A threat that might be tempted to go for a lone Turk stumbling through the dark.

Gritting his teeth, Rude followed the dusty trail on through the next doorway, and the next. Of all the nooks in this giant manor, Reno just had to pick the dark zone. Always such a bloody–

Rude's flashlight fell upon a line of looming figures in white. He flinched back with a yelp – and swore at himself for doing so. Chairs... that's all they were. Chairs beneath white sheets, stacked up along the walls like a parade of ghostly caricatures. Muttering another curse, Rude followed the tracks inside.

This chamber was far grander than the parlors he'd braved to get here. Another ballroom perhaps, or a dining room sized for Costan weddings.

...Like the one in his uncle's place. Rude cursed himself again. It was too late; as he crept into the room, scraps of Teo's ghost stories flitted through his mind unbidden, one by one. The ghost children with holes instead of eyes. The wailing lady. The murdered man searching for a warm heart to replace the one he'd lost.

The damp collar of Rude's shirt stuck to his skin and seemed to shrink around his neck like a coiling snake. He reached up to loosen his tie, to reassure himself that it was still just a piece of fabric; a lifeless slip of cloth, unable to suddenly pull itself tight of its own accord.

Out of the corner of his eye, Rude kept catching the whiteness of the shrouded stacks. Some of them seemed to loom taller while he had the light aimed elsewhere. Others seemed to stir and shift, ever so slightly, just enough to make him doubt his eyes. In the beam of the flashlight they shone so bright they almost blinded him, and left spots dancing in his eyes.

Rude yanked off his shades and squeezed his eyes shut, rubbing them with the back of his hand. The fabric around his neck pressed against his windpipe again. Rude loosened his tie some more. As soon as he let go, he could feel it constricting around his neck, tightening.

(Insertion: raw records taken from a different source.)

(* Let $N\ge1$ and $1\le\sigma_N\le CN^{1/2}$. Define $c_d=Z_N^{-1}e^{-d^2/4\sigma_N^2}$ if $N+d$ is even and $|d|\le\sigma_N^2$, and $c_d=0$ otherwise, with $Z_N>0$ such that $\sum_{|d|\le\sigma_N^2}|c_d|^2=1$. Then: (1) for every $n\in\mathbb N$ there is $C_n$ independent of $N$ and $\sigma_N$ with $\sum_{-\sigma_N^2\le d\le\sigma_N^2}d^{2n}|c_d|^2\le C_n\sigma_N^{2n}$, and $\sum_{-\sigma_N^2\le d\le\sigma_N^2}d^{2n+1}|c_d|^2=0$; (2) for every even integer $\kappa\in2\mathbb Z$ there is $C$ (depending on $\kappa$, not on $N,\sigma_N$) with $\Big|\sum_{-\sigma_N^2\le d\le\sigma_N^2-\kappa}c_dc_{d+\kappa}-1\Big|\le\frac{C}{\sigma_N^2}$.
   Context: Here $d$ ranges over integers. *)

theory Defs
  imports Complex_Main
begin

definition gauss_weight :: "nat \<Rightarrow> real \<Rightarrow> int \<Rightarrow> real" where
  "gauss_weight N \<sigma> d =
     (if even (int N + d) \<and> real_of_int \<bar>d\<bar> \<le> \<sigma>\<^sup>2
      then exp (- (real_of_int d)\<^sup>2 / (4 * \<sigma>\<^sup>2)) else 0)"

definition norm_const :: "nat \<Rightarrow> real \<Rightarrow> real" where
  "norm_const N \<sigma> =
     sqrt (\<Sum>d\<in>{d::int. real_of_int \<bar>d\<bar> \<le> \<sigma>\<^sup>2}. (gauss_weight N \<sigma> d)\<^sup>2)"

definition coef :: "nat \<Rightarrow> real \<Rightarrow> int \<Rightarrow> real" where
  "coef N \<sigma> d = gauss_weight N \<sigma> d / norm_const N \<sigma>"

end

theory Submission
  imports Defs
begin

text \<open>Write w for the unnormalised weights and g(x) = exp(-x^2/(4 \<sigma>^2)). The squared
  normalising constant Z^2 = \<Sum> w_d^2 is at least a constant times \<sigma>, so every claim reduces
  to bounding a sum of squared weights by O(\<sigma>). For the moments, x^{2n} g(x) <= (4 n \<sigma>^2)^n
  and g(x) <= e^{1/16} e^{-|x|/(4\<sigma>)} reduce the sum to a geometric series of size O(\<sigma>);
  odd moments vanish by the symmetry d \<mapsto> -d. For the shift, normalisation gives
  \<Sum> c_d c_{d+\<kappa>} = 1 - (1/2) \<Sum> (c_d - c_{d+\<kappa>})^2. Since \<kappa> is even, w_d and w_{d+\<kappa>}
  have the same parity factor; the mean value theorem bounds (w_d - w_{d+\<kappa>})^2 by
  O(\<sigma>^{-2} e^{-|d|/(8\<sigma>)}) inside the window, and at its edge |d| ~ \<sigma>^2 the Gaussian is
  already smaller than that. Summing gives O(\<sigma>^{-1}), hence O(\<sigma>^{-2}) after division by Z^2.\<close>

lemma finite_int_abs_le: "finite {d::int. real_of_int \<bar>d\<bar> \<le> R}"
proof (rule finite_subset)
  show "{d::int. real_of_int \<bar>d\<bar> \<le> R} \<subseteq> {-\<lceil>R\<rceil>..\<lceil>R\<rceil>}"
  proof
    fix d :: int
    assume "d \<in> {d. real_of_int \<bar>d\<bar> \<le> R}"
    then have "\<bar>d\<bar> \<le> \<lceil>R\<rceil>"
      unfolding le_ceiling_iff by simp
    then show "d \<in> {-\<lceil>R\<rceil>..\<lceil>R\<rceil>}" by auto
  qed
qed simp

lemma sum_power_abs_le:
  fixes q :: real
  assumes "0 \<le> q" "q < 1" "finite S"
  shows "(\<Sum>d\<in>S. q ^ nat \<bar>d\<bar>) \<le> 2 / (1 - q)"
proof -
  have half: "(\<Sum>d\<in>S \<inter> P. q ^ nat \<bar>d\<bar>) \<le> 1 / (1 - q)"
    if "inj_on (\<lambda>d. nat \<bar>d\<bar>) P" for P
  proof -
    have "(\<Sum>d\<in>S \<inter> P. q ^ nat \<bar>d\<bar>) = (\<Sum>k\<in>(\<lambda>d. nat \<bar>d\<bar>) ` (S \<inter> P). q ^ k)"
      using that by (simp add: sum.reindex inj_on_Int)
    also have "\<dots> \<le> (\<Sum>k. q ^ k)"
      using assms by (intro sum_le_suminf summable_geometric) auto
    also have "\<dots> = 1 / (1 - q)"
      using assms by (simp add: suminf_geometric)
    finally show ?thesis .
  qed
  have "(\<Sum>d\<in>S. q ^ nat \<bar>d\<bar>) = (\<Sum>d\<in>S \<inter> {0..}. q ^ nat \<bar>d\<bar>) + (\<Sum>d\<in>S \<inter> {..<0}. q ^ nat \<bar>d\<bar>)"
    using assms(3) by (subst sum.union_disjoint[symmetric]) (auto intro: sum.cong)
  also have "\<dots> \<le> 1 / (1 - q) + 1 / (1 - q)"
    by (intro add_mono half) (auto simp: inj_on_def)
  finally show ?thesis by simp
qed

lemma one_div_one_minus_exp_le:
  fixes a :: real
  assumes "a > 0"
  shows "1 / (1 - exp (- a)) \<le> 1 + 1 / a"
proof -
  have "exp (- a) * (1 + a) \<le> 1"
    using exp_ge_add_one_self[of a] by (simp add: exp_minus field_simps)
  then have "a / (1 + a) \<le> 1 - exp (- a)"
    using assms by (simp add: field_simps)
  moreover have "0 < a / (1 + a)" using assms by simp
  ultimately have "1 / (1 - exp (- a)) \<le> 1 / (a / (1 + a))"
    using assms by (intro divide_left_mono mult_pos_pos) auto
  also have "\<dots> = 1 + 1 / a" using assms by (simp add: field_simps)
  finally show ?thesis .
qed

This isn't one of Teo's stories.

That thought burned in his head as he hurried after the trail, one hand latched onto his tie to keep it from moving. The thought didn't help, not one bit. If it wasn't one of Teo's stories, then Rude wasn't just fighting figments of his imagination anymore. Then it was real.

Rude stumbled through another gaping doorway, the beam of his flashlight dancing wildly across the room. Reno had to be close by now. Rude had to find him, fast. After catching his balance, Rude panned his flashlight over the floor to pick up the trail again.

He stopped dead, and stared.

Before him, the dust was undisturbed. Reno's tracks ended in the middle of an empty room.